* Exercise instructions:
From the records below, copy each line that has the word "else" in it.

Collected data entries:
+ + + + + + +

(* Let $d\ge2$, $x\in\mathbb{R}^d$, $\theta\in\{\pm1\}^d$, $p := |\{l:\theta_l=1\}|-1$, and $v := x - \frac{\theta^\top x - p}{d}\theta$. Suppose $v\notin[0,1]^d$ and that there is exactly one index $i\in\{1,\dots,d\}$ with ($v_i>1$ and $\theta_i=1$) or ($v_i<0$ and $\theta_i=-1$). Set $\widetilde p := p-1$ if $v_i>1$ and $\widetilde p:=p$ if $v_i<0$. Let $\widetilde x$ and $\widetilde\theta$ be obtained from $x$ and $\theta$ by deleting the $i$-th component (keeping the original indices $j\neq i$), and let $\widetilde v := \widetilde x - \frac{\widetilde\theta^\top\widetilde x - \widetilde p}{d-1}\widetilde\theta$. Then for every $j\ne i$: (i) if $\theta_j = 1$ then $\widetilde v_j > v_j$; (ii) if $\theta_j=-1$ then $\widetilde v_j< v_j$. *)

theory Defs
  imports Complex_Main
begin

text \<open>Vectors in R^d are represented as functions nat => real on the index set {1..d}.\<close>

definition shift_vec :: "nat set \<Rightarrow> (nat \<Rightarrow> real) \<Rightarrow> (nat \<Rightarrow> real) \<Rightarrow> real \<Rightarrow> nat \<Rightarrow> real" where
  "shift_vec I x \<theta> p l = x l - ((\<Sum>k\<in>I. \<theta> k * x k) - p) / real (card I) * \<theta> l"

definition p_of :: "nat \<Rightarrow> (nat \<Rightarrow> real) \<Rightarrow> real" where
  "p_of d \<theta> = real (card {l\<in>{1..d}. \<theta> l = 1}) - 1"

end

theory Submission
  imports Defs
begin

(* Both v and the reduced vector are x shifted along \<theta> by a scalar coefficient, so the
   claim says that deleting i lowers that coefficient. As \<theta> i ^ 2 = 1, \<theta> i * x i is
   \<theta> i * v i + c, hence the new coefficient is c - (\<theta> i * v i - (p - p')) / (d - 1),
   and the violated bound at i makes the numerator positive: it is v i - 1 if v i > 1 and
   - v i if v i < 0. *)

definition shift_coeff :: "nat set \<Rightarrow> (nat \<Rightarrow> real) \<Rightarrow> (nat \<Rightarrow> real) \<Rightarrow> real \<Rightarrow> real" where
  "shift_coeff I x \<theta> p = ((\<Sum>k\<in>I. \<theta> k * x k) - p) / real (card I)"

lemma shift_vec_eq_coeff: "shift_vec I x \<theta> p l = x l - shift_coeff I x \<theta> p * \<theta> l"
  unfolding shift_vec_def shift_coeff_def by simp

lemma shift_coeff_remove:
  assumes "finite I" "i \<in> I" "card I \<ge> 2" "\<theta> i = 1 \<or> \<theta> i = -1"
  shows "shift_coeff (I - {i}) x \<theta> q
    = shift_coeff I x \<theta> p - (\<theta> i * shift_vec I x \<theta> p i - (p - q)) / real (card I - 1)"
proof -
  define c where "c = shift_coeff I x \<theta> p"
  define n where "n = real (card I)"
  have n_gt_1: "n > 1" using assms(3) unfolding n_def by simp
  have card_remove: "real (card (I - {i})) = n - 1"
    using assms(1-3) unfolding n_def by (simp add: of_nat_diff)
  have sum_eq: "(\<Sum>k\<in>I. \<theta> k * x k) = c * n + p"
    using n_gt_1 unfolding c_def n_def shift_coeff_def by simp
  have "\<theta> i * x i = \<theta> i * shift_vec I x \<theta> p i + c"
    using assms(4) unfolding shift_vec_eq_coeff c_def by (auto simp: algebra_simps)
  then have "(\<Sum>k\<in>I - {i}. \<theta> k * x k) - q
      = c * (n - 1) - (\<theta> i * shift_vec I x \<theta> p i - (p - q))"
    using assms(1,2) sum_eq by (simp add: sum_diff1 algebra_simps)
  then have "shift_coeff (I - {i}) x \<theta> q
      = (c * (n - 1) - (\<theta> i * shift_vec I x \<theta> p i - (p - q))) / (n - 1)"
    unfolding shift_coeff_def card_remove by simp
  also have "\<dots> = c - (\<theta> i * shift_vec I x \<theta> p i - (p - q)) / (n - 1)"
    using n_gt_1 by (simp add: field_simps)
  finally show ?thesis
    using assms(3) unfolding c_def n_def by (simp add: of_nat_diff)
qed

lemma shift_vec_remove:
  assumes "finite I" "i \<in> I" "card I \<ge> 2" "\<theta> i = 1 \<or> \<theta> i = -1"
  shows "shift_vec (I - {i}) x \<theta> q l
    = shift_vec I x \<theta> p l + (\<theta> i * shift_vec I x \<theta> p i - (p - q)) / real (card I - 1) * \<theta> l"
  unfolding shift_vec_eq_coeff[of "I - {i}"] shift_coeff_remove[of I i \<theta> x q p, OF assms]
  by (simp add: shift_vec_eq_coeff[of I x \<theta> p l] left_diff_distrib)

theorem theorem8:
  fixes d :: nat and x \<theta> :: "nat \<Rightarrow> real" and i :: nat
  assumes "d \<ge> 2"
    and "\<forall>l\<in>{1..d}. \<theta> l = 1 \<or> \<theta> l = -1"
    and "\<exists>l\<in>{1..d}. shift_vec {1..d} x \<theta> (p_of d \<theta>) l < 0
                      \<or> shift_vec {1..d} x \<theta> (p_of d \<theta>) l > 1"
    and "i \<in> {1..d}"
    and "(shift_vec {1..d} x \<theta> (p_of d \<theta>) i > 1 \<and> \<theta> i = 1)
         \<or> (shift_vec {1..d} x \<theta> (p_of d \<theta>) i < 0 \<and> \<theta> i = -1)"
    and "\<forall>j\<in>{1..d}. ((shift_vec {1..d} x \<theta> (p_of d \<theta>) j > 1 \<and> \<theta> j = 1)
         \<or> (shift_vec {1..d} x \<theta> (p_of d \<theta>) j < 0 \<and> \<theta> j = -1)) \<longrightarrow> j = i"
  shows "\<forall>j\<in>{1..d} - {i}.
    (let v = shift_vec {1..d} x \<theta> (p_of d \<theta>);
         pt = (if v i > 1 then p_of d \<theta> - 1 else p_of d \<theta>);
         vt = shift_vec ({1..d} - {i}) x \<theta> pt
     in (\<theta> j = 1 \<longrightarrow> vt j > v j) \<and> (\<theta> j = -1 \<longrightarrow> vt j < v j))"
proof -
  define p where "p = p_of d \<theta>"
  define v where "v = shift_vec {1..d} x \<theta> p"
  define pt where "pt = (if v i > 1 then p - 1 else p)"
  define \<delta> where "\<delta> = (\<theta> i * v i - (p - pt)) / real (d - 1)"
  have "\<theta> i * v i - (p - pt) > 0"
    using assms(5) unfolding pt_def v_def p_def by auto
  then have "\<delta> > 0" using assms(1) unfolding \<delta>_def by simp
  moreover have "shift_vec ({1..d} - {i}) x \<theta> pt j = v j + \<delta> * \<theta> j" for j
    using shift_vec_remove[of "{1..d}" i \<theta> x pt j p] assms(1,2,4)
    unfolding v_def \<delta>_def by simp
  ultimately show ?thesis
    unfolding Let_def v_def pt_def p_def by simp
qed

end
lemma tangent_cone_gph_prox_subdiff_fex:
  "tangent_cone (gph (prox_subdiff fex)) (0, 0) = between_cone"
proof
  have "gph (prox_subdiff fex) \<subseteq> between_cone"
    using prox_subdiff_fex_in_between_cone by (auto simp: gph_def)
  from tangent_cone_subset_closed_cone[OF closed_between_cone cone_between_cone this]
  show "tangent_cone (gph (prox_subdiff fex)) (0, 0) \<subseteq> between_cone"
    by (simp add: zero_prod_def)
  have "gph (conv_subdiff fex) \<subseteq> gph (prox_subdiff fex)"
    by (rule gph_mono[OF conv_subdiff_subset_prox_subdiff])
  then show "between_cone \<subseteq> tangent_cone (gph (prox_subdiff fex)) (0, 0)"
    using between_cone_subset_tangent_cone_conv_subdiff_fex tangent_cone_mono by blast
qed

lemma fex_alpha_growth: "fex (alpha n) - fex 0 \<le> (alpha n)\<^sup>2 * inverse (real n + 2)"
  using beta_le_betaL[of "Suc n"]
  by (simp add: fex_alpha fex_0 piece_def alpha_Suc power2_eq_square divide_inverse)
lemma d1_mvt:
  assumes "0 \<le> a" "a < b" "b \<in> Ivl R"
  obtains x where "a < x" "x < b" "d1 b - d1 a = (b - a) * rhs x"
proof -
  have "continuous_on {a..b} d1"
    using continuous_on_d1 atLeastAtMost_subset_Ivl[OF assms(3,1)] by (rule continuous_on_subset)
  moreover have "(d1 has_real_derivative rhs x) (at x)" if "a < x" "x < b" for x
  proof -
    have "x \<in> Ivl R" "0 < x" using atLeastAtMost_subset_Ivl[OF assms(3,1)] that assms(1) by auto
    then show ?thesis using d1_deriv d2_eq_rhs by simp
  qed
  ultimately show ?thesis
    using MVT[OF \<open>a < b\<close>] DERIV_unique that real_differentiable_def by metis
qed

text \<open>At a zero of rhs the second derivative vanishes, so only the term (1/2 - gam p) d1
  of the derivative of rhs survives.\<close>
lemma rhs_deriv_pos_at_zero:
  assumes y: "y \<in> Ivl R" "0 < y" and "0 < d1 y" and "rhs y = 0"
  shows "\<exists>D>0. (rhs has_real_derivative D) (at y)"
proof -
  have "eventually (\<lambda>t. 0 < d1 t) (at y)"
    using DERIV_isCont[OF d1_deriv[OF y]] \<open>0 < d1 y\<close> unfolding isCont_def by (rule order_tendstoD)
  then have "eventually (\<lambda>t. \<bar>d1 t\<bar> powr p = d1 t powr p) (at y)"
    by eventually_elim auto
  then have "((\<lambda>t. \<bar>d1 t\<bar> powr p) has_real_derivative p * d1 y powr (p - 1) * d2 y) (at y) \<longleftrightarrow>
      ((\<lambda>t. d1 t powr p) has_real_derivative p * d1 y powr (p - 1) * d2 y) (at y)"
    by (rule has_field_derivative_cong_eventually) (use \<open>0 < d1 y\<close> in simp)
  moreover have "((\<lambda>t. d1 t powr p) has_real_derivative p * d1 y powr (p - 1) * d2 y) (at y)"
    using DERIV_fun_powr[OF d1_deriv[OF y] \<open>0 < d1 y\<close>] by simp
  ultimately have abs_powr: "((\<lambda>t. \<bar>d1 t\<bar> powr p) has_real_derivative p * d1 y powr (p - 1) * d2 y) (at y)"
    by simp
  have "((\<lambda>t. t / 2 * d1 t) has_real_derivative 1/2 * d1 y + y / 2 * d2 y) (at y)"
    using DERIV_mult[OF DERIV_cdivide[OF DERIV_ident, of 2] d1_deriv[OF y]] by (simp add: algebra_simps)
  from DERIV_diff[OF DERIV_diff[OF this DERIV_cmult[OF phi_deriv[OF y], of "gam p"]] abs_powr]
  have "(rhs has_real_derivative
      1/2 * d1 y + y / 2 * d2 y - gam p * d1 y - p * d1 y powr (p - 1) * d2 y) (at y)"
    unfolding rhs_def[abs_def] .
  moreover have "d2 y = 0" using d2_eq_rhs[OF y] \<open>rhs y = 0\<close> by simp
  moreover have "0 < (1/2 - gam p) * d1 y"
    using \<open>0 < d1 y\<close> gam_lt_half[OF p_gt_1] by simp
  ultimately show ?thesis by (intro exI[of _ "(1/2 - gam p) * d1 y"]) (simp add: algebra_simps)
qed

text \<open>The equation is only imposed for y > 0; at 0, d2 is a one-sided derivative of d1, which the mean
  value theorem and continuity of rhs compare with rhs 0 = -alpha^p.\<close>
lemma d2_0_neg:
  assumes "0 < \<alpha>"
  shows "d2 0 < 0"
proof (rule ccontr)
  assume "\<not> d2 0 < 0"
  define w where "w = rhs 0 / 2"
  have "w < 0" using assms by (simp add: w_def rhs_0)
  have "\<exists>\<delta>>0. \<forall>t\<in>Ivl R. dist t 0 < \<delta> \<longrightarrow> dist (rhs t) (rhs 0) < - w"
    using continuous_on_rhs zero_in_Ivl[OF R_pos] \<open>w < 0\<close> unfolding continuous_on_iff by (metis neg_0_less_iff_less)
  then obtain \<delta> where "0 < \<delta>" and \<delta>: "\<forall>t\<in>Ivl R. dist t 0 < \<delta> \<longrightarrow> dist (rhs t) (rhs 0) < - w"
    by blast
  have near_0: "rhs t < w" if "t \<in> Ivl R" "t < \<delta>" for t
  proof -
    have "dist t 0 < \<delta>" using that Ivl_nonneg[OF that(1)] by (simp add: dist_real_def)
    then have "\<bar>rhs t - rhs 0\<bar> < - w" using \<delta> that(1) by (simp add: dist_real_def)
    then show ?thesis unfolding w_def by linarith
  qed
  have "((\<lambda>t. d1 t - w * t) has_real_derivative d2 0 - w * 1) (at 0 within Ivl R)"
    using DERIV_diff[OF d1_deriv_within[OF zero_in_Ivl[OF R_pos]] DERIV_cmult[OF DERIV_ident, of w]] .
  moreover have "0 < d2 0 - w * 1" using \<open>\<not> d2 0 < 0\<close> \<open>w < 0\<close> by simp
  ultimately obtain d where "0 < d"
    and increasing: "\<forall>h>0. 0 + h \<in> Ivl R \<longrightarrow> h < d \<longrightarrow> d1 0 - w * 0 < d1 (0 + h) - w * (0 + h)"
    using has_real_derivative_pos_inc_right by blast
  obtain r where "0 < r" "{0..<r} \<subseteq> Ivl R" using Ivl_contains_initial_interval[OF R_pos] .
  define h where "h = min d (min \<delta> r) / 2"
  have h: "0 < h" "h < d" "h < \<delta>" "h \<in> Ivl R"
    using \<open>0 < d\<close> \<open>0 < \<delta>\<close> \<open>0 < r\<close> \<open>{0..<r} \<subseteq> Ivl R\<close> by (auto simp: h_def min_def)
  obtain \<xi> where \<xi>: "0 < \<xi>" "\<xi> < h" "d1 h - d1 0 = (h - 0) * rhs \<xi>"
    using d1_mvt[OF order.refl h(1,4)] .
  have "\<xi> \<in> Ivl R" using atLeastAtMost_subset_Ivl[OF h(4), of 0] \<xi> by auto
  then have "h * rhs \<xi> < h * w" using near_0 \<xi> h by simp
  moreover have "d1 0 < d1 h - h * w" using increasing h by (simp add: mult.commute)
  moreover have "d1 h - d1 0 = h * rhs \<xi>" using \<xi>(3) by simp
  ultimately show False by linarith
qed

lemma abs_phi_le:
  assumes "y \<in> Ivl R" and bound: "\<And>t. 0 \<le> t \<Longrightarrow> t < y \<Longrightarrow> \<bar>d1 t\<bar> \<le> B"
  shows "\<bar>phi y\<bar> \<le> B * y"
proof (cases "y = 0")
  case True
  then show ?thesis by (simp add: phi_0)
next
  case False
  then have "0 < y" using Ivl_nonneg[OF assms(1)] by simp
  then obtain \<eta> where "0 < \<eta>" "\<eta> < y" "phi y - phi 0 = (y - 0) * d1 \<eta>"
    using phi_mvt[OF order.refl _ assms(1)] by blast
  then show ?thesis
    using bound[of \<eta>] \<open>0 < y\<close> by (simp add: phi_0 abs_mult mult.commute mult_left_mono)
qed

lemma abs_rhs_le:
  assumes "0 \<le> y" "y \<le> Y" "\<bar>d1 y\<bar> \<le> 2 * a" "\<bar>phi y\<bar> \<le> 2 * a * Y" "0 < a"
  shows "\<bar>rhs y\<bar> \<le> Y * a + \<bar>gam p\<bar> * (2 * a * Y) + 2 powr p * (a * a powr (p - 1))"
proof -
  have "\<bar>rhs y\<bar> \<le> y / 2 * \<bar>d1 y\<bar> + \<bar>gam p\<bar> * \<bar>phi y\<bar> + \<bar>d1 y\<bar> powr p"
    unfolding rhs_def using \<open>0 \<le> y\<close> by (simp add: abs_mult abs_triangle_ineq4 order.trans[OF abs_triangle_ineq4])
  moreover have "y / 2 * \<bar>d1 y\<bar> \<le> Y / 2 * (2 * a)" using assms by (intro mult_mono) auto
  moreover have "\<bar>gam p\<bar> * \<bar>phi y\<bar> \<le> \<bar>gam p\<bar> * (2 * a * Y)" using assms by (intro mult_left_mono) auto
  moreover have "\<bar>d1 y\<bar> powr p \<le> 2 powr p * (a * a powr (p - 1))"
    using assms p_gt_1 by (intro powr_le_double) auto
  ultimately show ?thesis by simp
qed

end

+ + + + + + +

* Output of the task:
         pt = (if v i > 1 then p_of d \<theta> - 1 else p_of d \<theta>);
  define pt where "pt = (if v i > 1 then p - 1 else p)"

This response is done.